Problem details:
For the records below, print the lines from the line with "w v \<longleftrightarrow>" through the line with "text \<open>A subgraph" exactly as written; include both end lines and exclude the rest.

─── Data for the task ───

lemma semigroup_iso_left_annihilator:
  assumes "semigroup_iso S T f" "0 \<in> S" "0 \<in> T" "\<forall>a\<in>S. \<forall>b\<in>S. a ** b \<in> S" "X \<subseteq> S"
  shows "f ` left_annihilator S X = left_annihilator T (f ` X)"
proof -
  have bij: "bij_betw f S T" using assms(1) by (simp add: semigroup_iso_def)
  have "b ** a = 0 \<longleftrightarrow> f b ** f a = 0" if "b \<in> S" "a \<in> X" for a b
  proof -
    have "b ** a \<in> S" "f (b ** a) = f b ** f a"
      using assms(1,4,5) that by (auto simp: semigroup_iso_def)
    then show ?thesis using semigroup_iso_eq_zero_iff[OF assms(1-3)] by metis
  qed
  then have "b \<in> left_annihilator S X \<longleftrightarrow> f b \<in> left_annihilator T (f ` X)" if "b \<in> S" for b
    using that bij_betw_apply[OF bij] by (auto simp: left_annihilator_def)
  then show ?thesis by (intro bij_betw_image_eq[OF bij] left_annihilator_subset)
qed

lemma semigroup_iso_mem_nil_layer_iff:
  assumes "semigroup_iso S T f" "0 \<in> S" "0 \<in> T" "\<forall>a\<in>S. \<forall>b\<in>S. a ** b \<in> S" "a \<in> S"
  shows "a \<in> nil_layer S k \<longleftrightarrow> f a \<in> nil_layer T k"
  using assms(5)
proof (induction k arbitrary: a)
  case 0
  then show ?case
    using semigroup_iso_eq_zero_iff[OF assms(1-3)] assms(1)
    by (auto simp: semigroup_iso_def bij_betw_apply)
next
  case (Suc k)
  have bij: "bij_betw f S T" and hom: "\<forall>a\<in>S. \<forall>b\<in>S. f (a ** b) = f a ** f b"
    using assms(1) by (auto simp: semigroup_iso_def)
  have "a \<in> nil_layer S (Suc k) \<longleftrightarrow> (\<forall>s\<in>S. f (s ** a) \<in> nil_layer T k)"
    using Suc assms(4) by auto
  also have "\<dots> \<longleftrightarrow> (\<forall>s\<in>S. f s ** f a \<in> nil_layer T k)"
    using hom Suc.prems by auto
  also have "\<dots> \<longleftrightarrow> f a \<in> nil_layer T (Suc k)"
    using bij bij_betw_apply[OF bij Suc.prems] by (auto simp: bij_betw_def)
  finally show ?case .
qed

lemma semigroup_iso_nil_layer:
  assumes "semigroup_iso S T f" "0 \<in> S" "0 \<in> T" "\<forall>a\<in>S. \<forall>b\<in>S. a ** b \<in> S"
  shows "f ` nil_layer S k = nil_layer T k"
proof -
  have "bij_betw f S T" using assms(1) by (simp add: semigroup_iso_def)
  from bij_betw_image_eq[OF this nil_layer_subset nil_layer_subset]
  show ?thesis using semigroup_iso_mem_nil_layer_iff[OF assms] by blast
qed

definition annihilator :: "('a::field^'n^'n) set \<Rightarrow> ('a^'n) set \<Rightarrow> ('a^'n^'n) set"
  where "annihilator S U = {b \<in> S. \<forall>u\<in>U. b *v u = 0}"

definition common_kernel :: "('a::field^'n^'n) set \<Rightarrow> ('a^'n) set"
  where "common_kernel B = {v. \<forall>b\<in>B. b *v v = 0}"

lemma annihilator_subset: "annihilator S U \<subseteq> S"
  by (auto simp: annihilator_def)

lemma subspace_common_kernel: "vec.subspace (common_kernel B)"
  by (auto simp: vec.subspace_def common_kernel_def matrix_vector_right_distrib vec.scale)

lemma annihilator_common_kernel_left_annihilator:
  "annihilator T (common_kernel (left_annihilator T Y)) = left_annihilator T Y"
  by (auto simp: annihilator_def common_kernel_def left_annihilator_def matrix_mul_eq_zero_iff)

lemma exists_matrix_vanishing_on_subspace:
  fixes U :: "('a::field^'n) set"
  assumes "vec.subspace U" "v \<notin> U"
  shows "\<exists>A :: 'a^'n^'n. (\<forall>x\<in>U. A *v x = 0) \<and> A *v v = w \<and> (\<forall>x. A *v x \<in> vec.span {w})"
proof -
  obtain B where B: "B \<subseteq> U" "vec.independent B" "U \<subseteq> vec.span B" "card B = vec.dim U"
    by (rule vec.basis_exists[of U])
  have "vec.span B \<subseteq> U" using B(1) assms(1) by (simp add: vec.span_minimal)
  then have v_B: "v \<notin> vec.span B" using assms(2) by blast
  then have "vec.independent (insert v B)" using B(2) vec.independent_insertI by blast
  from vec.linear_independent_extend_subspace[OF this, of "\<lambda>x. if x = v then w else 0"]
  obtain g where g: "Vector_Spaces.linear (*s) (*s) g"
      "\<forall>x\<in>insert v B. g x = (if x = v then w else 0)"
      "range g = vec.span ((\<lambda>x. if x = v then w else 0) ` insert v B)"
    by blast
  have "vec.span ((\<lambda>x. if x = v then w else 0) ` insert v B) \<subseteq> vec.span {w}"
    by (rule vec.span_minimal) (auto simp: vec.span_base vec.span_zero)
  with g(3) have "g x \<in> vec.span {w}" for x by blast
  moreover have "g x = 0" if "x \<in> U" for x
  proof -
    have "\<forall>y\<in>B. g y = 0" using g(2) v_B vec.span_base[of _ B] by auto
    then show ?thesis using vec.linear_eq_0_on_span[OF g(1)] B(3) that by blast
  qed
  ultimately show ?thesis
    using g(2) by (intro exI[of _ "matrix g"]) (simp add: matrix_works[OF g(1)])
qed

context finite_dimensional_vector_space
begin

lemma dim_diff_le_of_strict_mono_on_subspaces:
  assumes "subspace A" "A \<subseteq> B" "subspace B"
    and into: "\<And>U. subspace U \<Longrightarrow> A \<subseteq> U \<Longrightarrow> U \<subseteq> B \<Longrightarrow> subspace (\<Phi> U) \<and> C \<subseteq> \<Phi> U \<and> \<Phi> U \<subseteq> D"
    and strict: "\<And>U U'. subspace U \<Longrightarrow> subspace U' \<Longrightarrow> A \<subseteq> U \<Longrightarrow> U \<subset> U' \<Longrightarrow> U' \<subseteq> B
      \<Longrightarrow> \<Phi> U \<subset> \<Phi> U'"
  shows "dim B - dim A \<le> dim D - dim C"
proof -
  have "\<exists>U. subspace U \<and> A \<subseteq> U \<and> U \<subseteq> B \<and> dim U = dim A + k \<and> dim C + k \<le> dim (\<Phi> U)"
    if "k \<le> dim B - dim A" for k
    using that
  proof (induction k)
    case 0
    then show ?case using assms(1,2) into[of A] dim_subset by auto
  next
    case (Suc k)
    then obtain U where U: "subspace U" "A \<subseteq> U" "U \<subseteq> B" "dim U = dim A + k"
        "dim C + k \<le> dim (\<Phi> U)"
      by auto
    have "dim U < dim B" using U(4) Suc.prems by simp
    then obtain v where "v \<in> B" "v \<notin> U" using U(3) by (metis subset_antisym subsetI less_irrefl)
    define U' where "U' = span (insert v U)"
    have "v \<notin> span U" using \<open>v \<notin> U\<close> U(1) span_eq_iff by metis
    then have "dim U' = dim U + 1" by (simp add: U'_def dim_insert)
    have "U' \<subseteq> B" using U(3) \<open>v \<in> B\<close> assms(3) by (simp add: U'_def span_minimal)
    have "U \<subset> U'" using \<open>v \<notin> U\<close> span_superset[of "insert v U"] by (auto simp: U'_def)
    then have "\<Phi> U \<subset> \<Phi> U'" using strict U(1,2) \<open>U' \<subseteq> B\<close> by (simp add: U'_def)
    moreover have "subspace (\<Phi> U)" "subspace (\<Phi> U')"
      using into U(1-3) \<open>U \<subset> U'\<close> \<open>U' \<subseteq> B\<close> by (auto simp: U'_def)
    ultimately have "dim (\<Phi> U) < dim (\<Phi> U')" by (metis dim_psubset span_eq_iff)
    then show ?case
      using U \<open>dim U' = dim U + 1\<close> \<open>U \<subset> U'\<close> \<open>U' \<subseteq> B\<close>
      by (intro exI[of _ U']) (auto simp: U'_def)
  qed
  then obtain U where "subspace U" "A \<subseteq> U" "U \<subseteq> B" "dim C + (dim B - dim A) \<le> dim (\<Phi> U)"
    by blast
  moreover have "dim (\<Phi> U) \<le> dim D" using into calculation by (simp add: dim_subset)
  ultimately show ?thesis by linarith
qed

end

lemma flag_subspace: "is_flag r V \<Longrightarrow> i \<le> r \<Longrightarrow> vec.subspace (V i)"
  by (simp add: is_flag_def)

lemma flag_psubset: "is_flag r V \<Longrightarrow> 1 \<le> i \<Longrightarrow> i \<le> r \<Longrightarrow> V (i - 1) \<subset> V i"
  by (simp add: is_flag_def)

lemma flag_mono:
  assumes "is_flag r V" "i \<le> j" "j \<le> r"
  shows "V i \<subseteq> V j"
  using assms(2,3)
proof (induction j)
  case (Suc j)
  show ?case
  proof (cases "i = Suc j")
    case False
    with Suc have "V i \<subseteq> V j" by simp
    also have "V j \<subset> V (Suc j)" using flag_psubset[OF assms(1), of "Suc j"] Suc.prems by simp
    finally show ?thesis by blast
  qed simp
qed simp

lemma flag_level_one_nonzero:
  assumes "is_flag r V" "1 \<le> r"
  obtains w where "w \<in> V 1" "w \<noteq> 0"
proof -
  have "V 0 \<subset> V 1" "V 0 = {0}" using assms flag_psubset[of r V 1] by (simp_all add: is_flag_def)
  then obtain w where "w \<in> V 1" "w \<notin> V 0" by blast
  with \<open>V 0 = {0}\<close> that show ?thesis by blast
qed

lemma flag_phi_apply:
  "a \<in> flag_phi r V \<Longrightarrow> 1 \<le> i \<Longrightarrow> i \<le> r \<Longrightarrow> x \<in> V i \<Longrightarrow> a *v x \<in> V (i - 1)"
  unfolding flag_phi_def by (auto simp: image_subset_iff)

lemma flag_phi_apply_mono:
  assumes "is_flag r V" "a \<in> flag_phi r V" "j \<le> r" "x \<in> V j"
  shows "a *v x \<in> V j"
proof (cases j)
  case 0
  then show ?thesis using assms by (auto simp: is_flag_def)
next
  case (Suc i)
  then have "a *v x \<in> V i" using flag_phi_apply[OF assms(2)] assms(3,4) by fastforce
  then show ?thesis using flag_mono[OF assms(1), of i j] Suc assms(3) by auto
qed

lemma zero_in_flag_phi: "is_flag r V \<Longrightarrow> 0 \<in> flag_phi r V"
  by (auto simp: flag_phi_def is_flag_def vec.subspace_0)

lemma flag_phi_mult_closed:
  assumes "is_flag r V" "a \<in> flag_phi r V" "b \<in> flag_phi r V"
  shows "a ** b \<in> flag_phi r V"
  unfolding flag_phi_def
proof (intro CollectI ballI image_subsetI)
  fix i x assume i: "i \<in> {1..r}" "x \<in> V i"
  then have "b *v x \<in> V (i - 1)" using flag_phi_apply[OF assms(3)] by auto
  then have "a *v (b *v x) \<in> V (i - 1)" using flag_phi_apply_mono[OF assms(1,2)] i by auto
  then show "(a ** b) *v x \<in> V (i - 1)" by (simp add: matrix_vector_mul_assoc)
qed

───
─── Data for the task ───

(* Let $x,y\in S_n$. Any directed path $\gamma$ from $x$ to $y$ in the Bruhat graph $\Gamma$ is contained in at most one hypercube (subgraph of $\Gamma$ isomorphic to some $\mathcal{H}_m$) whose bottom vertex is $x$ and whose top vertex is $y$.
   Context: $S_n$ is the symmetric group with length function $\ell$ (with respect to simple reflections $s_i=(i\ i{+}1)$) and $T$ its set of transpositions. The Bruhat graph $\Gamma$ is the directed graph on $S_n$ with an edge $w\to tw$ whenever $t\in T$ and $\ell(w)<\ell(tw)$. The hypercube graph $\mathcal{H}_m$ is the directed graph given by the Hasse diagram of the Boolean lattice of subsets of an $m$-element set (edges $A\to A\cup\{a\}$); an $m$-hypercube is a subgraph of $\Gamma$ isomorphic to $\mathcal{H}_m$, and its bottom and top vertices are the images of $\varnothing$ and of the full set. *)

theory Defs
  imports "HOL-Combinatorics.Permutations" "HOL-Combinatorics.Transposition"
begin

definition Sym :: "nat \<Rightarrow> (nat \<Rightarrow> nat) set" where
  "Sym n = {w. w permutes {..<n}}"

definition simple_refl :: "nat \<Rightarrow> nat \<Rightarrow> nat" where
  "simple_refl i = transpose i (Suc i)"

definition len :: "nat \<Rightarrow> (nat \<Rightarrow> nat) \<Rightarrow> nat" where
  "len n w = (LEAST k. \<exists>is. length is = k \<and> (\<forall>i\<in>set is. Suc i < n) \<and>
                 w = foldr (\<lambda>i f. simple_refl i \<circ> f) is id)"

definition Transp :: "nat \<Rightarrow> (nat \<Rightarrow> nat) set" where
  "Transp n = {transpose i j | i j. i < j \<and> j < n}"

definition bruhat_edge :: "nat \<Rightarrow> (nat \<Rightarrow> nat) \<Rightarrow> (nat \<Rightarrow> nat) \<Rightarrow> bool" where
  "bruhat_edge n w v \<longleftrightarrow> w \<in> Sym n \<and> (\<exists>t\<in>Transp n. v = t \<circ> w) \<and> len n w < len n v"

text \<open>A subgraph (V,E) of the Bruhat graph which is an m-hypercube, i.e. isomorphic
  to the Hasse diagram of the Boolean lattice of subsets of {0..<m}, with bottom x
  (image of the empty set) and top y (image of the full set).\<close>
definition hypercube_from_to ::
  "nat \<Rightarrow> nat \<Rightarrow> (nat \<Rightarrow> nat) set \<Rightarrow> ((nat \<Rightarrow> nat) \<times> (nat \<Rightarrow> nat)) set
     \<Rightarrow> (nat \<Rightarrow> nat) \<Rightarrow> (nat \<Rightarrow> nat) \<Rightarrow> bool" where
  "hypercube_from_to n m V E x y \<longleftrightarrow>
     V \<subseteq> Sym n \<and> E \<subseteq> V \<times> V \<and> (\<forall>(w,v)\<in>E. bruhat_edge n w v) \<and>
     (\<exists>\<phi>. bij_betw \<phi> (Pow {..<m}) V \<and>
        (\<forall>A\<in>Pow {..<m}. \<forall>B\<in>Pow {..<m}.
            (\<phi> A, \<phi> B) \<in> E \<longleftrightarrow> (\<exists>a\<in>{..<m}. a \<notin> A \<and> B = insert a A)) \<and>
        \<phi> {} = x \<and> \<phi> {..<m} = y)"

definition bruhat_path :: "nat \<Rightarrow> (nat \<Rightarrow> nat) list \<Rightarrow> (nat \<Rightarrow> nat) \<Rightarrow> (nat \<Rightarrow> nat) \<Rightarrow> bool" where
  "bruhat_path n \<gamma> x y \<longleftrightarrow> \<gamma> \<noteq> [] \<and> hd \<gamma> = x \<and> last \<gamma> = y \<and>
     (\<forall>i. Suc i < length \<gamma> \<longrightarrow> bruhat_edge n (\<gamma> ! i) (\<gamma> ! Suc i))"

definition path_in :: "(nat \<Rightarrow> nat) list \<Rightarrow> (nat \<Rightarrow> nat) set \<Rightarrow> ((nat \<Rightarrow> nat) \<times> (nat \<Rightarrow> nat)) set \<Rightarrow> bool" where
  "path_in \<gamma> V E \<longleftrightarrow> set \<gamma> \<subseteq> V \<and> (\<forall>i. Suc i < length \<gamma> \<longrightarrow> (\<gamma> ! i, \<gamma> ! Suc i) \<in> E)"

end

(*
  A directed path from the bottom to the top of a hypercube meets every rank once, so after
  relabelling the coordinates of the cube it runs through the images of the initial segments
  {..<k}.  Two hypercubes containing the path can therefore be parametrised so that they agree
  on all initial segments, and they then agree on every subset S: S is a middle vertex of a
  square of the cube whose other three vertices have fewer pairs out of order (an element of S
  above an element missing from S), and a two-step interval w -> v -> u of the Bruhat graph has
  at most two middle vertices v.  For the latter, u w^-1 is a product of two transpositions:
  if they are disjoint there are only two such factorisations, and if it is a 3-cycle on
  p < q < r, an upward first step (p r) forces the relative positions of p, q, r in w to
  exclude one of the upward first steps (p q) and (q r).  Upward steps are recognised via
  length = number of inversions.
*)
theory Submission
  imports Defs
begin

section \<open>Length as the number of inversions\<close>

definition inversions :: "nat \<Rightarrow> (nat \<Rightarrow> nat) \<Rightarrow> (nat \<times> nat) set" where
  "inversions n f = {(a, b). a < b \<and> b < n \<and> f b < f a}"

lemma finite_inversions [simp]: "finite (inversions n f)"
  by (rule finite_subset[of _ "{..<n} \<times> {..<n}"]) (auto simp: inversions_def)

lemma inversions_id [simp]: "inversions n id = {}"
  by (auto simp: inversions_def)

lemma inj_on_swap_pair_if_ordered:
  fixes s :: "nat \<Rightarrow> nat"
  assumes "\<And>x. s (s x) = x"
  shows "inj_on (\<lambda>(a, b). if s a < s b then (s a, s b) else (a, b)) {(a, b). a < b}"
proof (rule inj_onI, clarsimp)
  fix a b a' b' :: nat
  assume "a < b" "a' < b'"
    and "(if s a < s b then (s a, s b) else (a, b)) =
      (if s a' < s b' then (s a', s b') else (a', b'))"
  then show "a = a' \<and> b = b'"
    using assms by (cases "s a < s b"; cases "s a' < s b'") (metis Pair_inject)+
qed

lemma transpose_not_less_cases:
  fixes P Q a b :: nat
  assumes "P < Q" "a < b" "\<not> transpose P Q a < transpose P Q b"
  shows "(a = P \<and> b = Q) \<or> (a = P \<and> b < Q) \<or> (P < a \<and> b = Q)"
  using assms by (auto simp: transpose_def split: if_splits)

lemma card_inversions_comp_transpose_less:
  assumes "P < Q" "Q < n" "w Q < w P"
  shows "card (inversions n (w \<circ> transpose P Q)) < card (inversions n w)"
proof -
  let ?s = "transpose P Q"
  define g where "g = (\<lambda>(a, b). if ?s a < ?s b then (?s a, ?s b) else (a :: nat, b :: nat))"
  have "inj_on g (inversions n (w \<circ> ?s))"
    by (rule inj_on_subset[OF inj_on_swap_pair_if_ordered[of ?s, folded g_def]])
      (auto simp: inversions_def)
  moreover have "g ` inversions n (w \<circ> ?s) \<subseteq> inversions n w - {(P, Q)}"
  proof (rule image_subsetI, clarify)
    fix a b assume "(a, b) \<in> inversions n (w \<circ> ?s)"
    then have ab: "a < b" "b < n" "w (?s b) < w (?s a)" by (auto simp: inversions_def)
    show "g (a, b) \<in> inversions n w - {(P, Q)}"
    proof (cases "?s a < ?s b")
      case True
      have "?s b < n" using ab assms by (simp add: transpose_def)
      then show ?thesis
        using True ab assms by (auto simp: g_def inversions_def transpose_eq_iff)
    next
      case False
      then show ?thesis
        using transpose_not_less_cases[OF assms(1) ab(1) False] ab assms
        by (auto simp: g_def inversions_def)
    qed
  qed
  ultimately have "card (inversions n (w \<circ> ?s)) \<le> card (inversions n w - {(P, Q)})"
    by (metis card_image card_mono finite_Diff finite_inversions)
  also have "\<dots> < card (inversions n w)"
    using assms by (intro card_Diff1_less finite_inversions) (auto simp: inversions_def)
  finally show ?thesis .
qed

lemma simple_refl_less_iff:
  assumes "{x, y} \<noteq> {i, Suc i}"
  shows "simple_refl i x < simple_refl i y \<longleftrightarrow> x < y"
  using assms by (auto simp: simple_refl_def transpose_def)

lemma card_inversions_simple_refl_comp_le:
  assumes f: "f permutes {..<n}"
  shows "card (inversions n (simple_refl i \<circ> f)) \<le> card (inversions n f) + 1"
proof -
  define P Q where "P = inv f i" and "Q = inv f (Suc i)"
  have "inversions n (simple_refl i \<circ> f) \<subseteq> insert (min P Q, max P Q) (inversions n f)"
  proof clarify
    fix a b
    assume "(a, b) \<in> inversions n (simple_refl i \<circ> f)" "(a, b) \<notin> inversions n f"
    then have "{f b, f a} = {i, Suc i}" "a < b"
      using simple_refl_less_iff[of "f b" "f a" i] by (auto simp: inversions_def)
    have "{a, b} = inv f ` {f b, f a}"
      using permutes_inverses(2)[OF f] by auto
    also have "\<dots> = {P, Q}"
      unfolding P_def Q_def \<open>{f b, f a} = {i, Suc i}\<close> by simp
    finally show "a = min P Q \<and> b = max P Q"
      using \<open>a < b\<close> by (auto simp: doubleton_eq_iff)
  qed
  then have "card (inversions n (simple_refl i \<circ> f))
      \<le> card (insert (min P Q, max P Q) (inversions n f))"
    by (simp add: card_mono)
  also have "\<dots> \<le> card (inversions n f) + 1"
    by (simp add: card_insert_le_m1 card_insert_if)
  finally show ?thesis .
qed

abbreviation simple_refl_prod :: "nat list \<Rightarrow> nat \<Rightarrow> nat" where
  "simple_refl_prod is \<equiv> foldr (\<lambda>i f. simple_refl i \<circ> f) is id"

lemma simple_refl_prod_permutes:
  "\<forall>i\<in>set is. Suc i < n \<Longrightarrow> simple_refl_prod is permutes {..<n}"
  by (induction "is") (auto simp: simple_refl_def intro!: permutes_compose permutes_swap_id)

───

Result for this exercise:
  "bruhat_edge n w v \<longleftrightarrow> w \<in> Sym n \<and> (\<exists>t\<in>Transp n. v = t \<circ> w) \<and> len n w < len n v"

text \<open>A subgraph (V,E) of the Bruhat graph which is an m-hypercube, i.e. isomorphic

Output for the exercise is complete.